● What you should do
Find the word "False" in the data, then copy each line where it is found.

● Saved entries

----

(* Let $q\geqslant 67$ be a prime with $q\equiv 3 \pmod{16}$. Then $$N_q>\frac{2-\log(3\sqrt{2})}{2}\cdot\frac{\lfloor\sqrt{3q/4}\rfloor}{\log q}.$$
   Context: For a prime $q$, $N_q$ denotes the number of rational primes $p\leqslant q$ that split in the imaginary quadratic field $\mathbb{Q}(\sqrt{-q})$. *)

theory Defs
  imports Complex_Main "HOL-Number_Theory.Number_Theory"
begin

text \<open>Splitting of a rational prime p in the quadratic field Q(sqrt d), d squarefree, d \<noteq> 0,1.
  The ring of integers is Z[omega] with omega = (1 + sqrt d)/2 if d = 1 mod 4 and omega = sqrt d
  otherwise; by Dedekind--Kummer (applicable since Z[omega] is the full ring of integers),
  p splits iff the minimal polynomial of omega factors mod p into two distinct linear factors,
  i.e. has two roots that are distinct mod p.\<close>

definition omega_minpoly :: "int \<Rightarrow> int \<Rightarrow> int" where
  "omega_minpoly d x = (if d mod 4 = 1 then x^2 - x + (1 - d) div 4 else x^2 - d)"

definition splits_in_quadratic_field :: "int \<Rightarrow> nat \<Rightarrow> bool" where
  "splits_in_quadratic_field d p \<longleftrightarrow> prime p \<and>
     (\<exists>x y :: int. \<not> [x = y] (mod int p) \<and>
        [omega_minpoly d x = 0] (mod int p) \<and> [omega_minpoly d y = 0] (mod int p))"

definition N :: "nat \<Rightarrow> nat" where
  "N q = card {p. prime p \<and> p \<le> q \<and> splits_in_quadratic_field (- int q) p}"

end

theory Submission
  imports Defs "HOL-Analysis.Harmonic_Numbers"
begin

text \<open>
  Put a = (q + 1)/4, so that x^2 - x + a is the minimal polynomial of (1 + sqrt(-q))/2, and
  M = floor (sqrt (3q/4)). For 1 \<le> x \<le> M the values x(x - 1) + a = ((2x - 1)^2 + q)/4 lie
  below q, and a prime p dividing one of them does not divide 2x - 1 (else p would divide q), so
  x and 1 - x are two roots that are distinct mod p: p splits. Since the roots of x(x - 1) + a
  modulo a prime power p^k lie in two residue classes, the p-part of the product of the values
  is at most p^(2 v_p(M!)) q^2 for split p and trivial otherwise; hence
  a^M \<le> (M!)^2 q^(2 N_q). With a > M^2/3 and ln M! \<le> (M + 1) ln M - M + 1 this gives the bound
  for M \<ge> 25; for smaller M it suffices that the odd number a and a + 2 have distinct prime
  factors, which both split.
\<close>

lemma ln_eq_sum_multiplicity:
  fixes n Q :: nat
  assumes "0 < n" "n \<le> Q"
  shows "ln (real n) = (\<Sum>p | prime p \<and> p \<le> Q. real (multiplicity p n) * ln (real p))"
proof -
  have "real n = real (\<Prod>p\<in>prime_factors n. p ^ multiplicity p n)"
    using prime_factorization_nat[OF assms(1)] by simp
  also have "\<dots> = (\<Prod>p\<in>prime_factors n. real p ^ multiplicity p n)"
    by simp
  finally have factorization: "real n = (\<Prod>p\<in>prime_factors n. real p ^ multiplicity p n)" .
  have "ln (real n) = (\<Sum>p\<in>prime_factors n. ln (real p ^ multiplicity p n))"
    unfolding factorization by (subst ln_prod) (auto dest: in_prime_factors_imp_prime prime_gt_0_nat)
  also have "\<dots> = (\<Sum>p\<in>prime_factors n. real (multiplicity p n) * ln (real p))"
    by (simp add: ln_realpow prime_gt_0_nat)
  also have "\<dots> = (\<Sum>p | prime p \<and> p \<le> Q. real (multiplicity p n) * ln (real p))"
  proof (rule sum.mono_neutral_left)
    show "prime_factors n \<subseteq> {p. prime p \<and> p \<le> Q}"
      using assms by (auto simp: in_prime_factors_iff intro: order.trans[OF dvd_imp_le])
  qed (auto simp: prime_factors_multiplicity)
  finally show ?thesis .
qed

lemma sum_ln_eq_sum_multiplicity:
  fixes f :: "'a \<Rightarrow> nat"
  assumes "finite X" "\<And>x. x \<in> X \<Longrightarrow> 0 < f x \<and> f x \<le> Q"
  shows "(\<Sum>x\<in>X. ln (real (f x))) =
           (\<Sum>p | prime p \<and> p \<le> Q. real (\<Sum>x\<in>X. multiplicity p (f x)) * ln (real p))"
proof -
  have "(\<Sum>x\<in>X. ln (real (f x))) =
          (\<Sum>x\<in>X. \<Sum>p | prime p \<and> p \<le> Q. real (multiplicity p (f x)) * ln (real p))"
    using assms(2) by (intro sum.cong refl ln_eq_sum_multiplicity) auto
  also have "\<dots> = (\<Sum>p | prime p \<and> p \<le> Q. real (\<Sum>x\<in>X. multiplicity p (f x)) * ln (real p))"
    by (subst sum.swap) (simp add: sum_distrib_right)
  finally show ?thesis .
qed

lemma multiplicity_eq_card_prime_power_dvd:
  fixes p n B :: nat
  assumes "prime p" "0 < n" "n \<le> B"
  shows "multiplicity p n = card {k \<in> {1..B}. p ^ k dvd n}"
proof -
  have dvd_iff: "p ^ k dvd n \<longleftrightarrow> k \<le> multiplicity p n" for k
    using power_dvd_iff_le_multiplicity[of n p k] assms by (auto simp: prime_nat_iff)
  have "n < 2 ^ n" by (rule less_exp)
  also have "\<dots> \<le> p ^ n" using prime_ge_2_nat[OF assms(1)] by (rule power_mono) simp
  finally have "\<not> p ^ n dvd n" using assms(2) by (auto dest: dvd_imp_le)
  then have "multiplicity p n < n" by (simp add: dvd_iff)
  then have "{k \<in> {1..B}. p ^ k dvd n} = {1..multiplicity p n}"
    using assms(3) by (auto simp: dvd_iff)
  then show ?thesis by simp
qed

lemma sum_card_filter_swap:
  assumes "finite A" "finite B"
  shows "(\<Sum>x\<in>A. card {y \<in> B. P x y}) = (\<Sum>y\<in>B. card {x \<in> A. P x y})"
proof -
  have card_filter: "card {z \<in> C. R z} = (\<Sum>z\<in>C. if R z then 1 else 0)" if "finite C" for C :: "'c set" and R
    using that by (simp add: sum.inter_filter[symmetric])
  show ?thesis
    using assms by (simp only: card_filter) (rule sum.swap)
qed

lemma sum_multiplicity_eq_sum_card_prime_power_dvd:
  fixes f :: "'a \<Rightarrow> nat"
  assumes "prime p" "finite X" "\<And>x. x \<in> X \<Longrightarrow> 0 < f x \<and> f x \<le> Q"
  shows "(\<Sum>x\<in>X. multiplicity p (f x)) = (\<Sum>k = 1..Q. card {x \<in> X. p ^ k dvd f x})"
proof -
  have "(\<Sum>x\<in>X. multiplicity p (f x)) = (\<Sum>x\<in>X. card {k \<in> {1..Q}. p ^ k dvd f x})"
    using assms by (intro sum.cong refl multiplicity_eq_card_prime_power_dvd) auto
  also have "\<dots> = (\<Sum>k = 1..Q. card {x \<in> X. p ^ k dvd f x})"
    by (rule sum_card_filter_swap[OF assms(2) finite_atLeastAtMost])
  finally show ?thesis .
qed

lemma card_cong_class_le:
  fixes M m :: nat and r :: int
  assumes "0 < m"
  shows "card {y \<in> {1..M}. [int y = r] (mod int m)} \<le> M div m + 1"
proof -
  let ?A = "{y \<in> {1..M}. [int y = r] (mod int m)}"
  have "inj_on (\<lambda>y. y div m) ?A"
  proof
    fix y y' assume "y \<in> ?A" "y' \<in> ?A" "y div m = y' div m"
    moreover from \<open>y \<in> ?A\<close> \<open>y' \<in> ?A\<close> have "y mod m = y' mod m"
      by (auto simp: cong_def simp flip: of_nat_mod)
    ultimately show "y = y'" by (metis div_mult_mod_eq)
  qed
  moreover have "(\<lambda>y. y div m) ` ?A \<subseteq> {0..M div m}"
    by (auto intro: div_le_mono)
  ultimately have "card ?A \<le> card {0..M div m}"
    by (intro card_inj_on_le) auto
  then show ?thesis by simp
qed

lemma div_le_card_multiples:
  fixes M m :: nat
  assumes "0 < m"
  shows "M div m \<le> card {y \<in> {1..M}. m dvd y}"
proof -
  have "(\<lambda>j. m * j) ` {1..M div m} \<subseteq> {y \<in> {1..M}. m dvd y}"
  proof
    fix y assume "y \<in> (\<lambda>j. m * j) ` {1..M div m}"
    then obtain j where j: "1 \<le> j" "j \<le> M div m" "y = m * j" by auto
    then have "y \<le> m * (M div m)" by simp
    also have "\<dots> \<le> M" by simp
    finally show "y \<in> {y \<in> {1..M}. m dvd y}" using j assms by auto
  qed
  moreover have "inj_on (\<lambda>j. m * j) {1..M div m}" using assms by (auto simp: inj_on_def)
  ultimately show ?thesis using card_inj_on_le[of "\<lambda>j. m * j" "{1..M div m}"] by simp
qed

lemma card_prime_powers_below_mult_ln_le:
  fixes p Q :: nat
  assumes "prime p"
  shows "real (card {k \<in> {1..Q}. p ^ k < Q}) * ln (real p) \<le> ln (real Q)"
proof (cases "{k \<in> {1..Q}. p ^ k < Q} = {}")
  case True
  then show ?thesis by (simp only: True card.empty) (cases "Q = 0", auto)
next
  case False
  define K where "K = {k \<in> {1..Q}. p ^ k < Q}"
  define k0 where "k0 = Max K"
  have "k0 \<in> K" unfolding k0_def K_def using False by (intro Max_in) auto
  have "K \<subseteq> {1..k0}" unfolding k0_def K_def by (auto intro: Max_ge)
  then have "real (card K) * ln (real p) \<le> real k0 * ln (real p)"
    using prime_ge_1_nat[OF assms] card_mono[of "{1..k0}" K] by (intro mult_right_mono) auto
  also have "\<dots> = ln (real p ^ k0)" by (simp add: ln_realpow)
  also have "\<dots> \<le> ln (real Q)"
    using \<open>k0 \<in> K\<close> assms unfolding K_def
    by (subst ln_le_cancel_iff) (auto simp: prime_gt_0_nat simp flip: of_nat_power)
  finally show ?thesis unfolding K_def .
qed

lemma sum_ln_upto_le:
  fixes M :: nat
  assumes "1 \<le> M"
  shows "(\<Sum>x = 1..M. ln (real x)) \<le> (real M + 1) * ln (real M) - real M + 1"
  using assms
proof (induction M rule: dec_induct)
  case base
  then show ?case by simp
next
  case (step n)
  have "ln (real n / (real n + 1)) \<le> real n / (real n + 1) - 1"
    using step.hyps by (intro ln_le_minus_one) auto
  then have "1 \<le> (real n + 1) * (ln (real n + 1) - ln (real n))"
    using step.hyps by (simp add: ln_div field_simps)
  with step.IH show ?case by (simp add: algebra_simps)
qed

lemma of_nat_quadratic_value: "int (x * (x - 1) + a) = int x * (int x - 1) + int a"
  by (cases x) (auto simp: algebra_simps)

lemma le_quadratic_value: "0 < a \<Longrightarrow> x \<le> x * (x - 1) + a"
  for a x :: nat
  by (cases x) auto

lemma not_dvd_double_minus_one_if_dvd_quadratic_value:
  fixes p a x :: nat
  assumes "prime p" "\<not> p dvd 4 * a - 1" "p dvd x * (x - 1) + a"
  shows "\<not> int p dvd 2 * int x - 1"
proof
  assume dvd_linear: "int p dvd 2 * int x - 1"
  have "0 < a" using assms(2) by (cases "a = 0") auto
  then have "int (4 * a - 1) = 4 * int (x * (x - 1) + a) - (2 * int x - 1)^2"
    by (simp only: of_nat_quadratic_value) (simp add: of_nat_diff power2_eq_square algebra_simps)
  also have "int p dvd \<dots>"
  proof (rule dvd_diff)
    show "int p dvd 4 * int (x * (x - 1) + a)"
      using assms(3) by (simp only: int_dvd_int_iff dvd_mult)
    show "int p dvd (2 * int x - 1)^2"
      using dvd_linear by (simp add: power2_eq_square)
  qed
  finally show False using assms(2) by (simp only: int_dvd_int_iff)
qed
lemma RM'_donate_le_yes_blocker: "RM' N (donate N W j i) i \<le> RM' N W i + RM' N W j"
proof -
  let ?h = "alpha N (donate N W j i) i" and ?g = "\<lambda>T. alpha N W i T + alpha N W j T"
  have "sum ?h (Pow N) \<le> sum ?g (Pow N)"
    unfolding sum_Pow_fiber[OF finite_players i j \<open>i \<noteq> j\<close>]
    by (intro sum_mono alpha_donate_fiber_le) simp
  then show ?thesis
    by (simp add: RM'_def sum.distrib divide_right_mono flip: add_divide_distrib)
qed

end

theorem lemma1:
  fixes N :: "'a set" and W :: "'a set set" and i j :: 'a
  assumes "svg N W"
    and "i \<in> N" and "j \<in> N" and "i \<noteq> j"
    and "yes_blocker W j \<or> no_blocker N W j"
  shows "RM' N (donate N W j i) i \<le> RM' N W i + RM' N W j"
  using assms(5)
proof
  assume "yes_blocker W j"
  then show ?thesis
    by (rule RM'_donate_le_yes_blocker[OF assms(1-4)])
next
  assume "no_blocker N W j"
  then have "RM' N (donate N (dual_game N W) j i) i
      \<le> RM' N (dual_game N W) i + RM' N (dual_game N W) j"
    by (intro RM'_donate_le_yes_blocker svg_dual_game yes_blocker_dual_game assms(1-4))
  then show ?thesis
    using assms(2,3) by (simp add: donate_dual_game RM'_dual_game)
qed

end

----

● Result for this task
  case False
  have "k0 \<in> K" unfolding k0_def K_def using False by (intro Max_in) auto
  finally show False using assms(2) by (simp only: int_dvd_int_iff)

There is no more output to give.